▸ **PROBLEM DESCRIPTION**:
Start at the top line and retype the data exactly through to the end.

[Collected data]
------------------------------------------------
definition isa_T :: "nat \<Rightarrow> nat \<Rightarrow> 'a::field mat \<Rightarrow> (nat \<times> nat) set \<Rightarrow> 'a mat" where
  "isa_T m r D P = 1\<^sub>m m -
     mat m m (\<lambda>e. \<Sum>x\<in>cob_pivots m r D P.
        (D $$ x / D $$ (fst x, prim_col P (fst x))) * unit_mat m (prim_col P (fst x)) (snd x) $$ e)"

definition isa_step :: "nat \<Rightarrow> nat \<Rightarrow> 'a::field mat \<times> (nat \<times> nat) set \<Rightarrow> 'a mat \<times> (nat \<times> nat) set" where
  "isa_step m r S = (let D = fst S; P = snd S; T = isa_T m r D P in
      (inv_mat m T * D * T, P \<union> new_primary m r D P))"

text \<open>isa_iter m D k = state after iterations 1..k; its first component is Delta^(k+1).\<close>
primrec isa_iter :: "nat \<Rightarrow> 'a::field mat \<Rightarrow> nat \<Rightarrow> 'a mat \<times> (nat \<times> nat) set" where
  "isa_iter m D 0 = (D, {})"
| "isa_iter m D (Suc k) = isa_step m (Suc k) (isa_iter m D k)"

text \<open>Delta^m, the last matrix produced by the ISA (after iterations r = 1..m-1).\<close>
definition isa_final :: "nat \<Rightarrow> 'a::field mat \<Rightarrow> 'a mat" where
  "isa_final m D = fst (isa_iter m D (m - 1))"

end

theory Submission
  imports Defs
begin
------------------------------------------------
▸ **RESPONSE AREA**:
definition isa_T :: "nat \<Rightarrow> nat \<Rightarrow> 'a::field mat \<Rightarrow> (nat \<times> nat) set \<Rightarrow> 'a mat" where
  "isa_T m r D P = 1\<^sub>m m -
     mat m m (\<lambda>e. \<Sum>x\<in>cob_pivots m r D P.
        (D $$ x / D $$ (fst x, prim_col P (fst x))) * unit_mat m (prim_col P (fst x)) (snd x) $$ e)"

definition isa_step :: "nat \<Rightarrow> nat \<Rightarrow> 'a::field mat \<times> (nat \<times> nat) set \<Rightarrow> 'a mat \<times> (nat \<times> nat) set" where
  "isa_step m r S = (let D = fst S; P = snd S; T = isa_T m r D P in
      (inv_mat m T * D * T, P \<union> new_primary m r D P))"

text \<open>isa_iter m D k = state after iterations 1..k; its first component is Delta^(k+1).\<close>
primrec isa_iter :: "nat \<Rightarrow> 'a::field mat \<Rightarrow> nat \<Rightarrow> 'a mat \<times> (nat \<times> nat) set" where
  "isa_iter m D 0 = (D, {})"
| "isa_iter m D (Suc k) = isa_step m (Suc k) (isa_iter m D k)"

text \<open>Delta^m, the last matrix produced by the ISA (after iterations r = 1..m-1).\<close>
definition isa_final :: "nat \<Rightarrow> 'a::field mat \<Rightarrow> 'a mat" where
  "isa_final m D = fst (isa_iter m D (m - 1))"

end

theory Submission
  imports Defs
begin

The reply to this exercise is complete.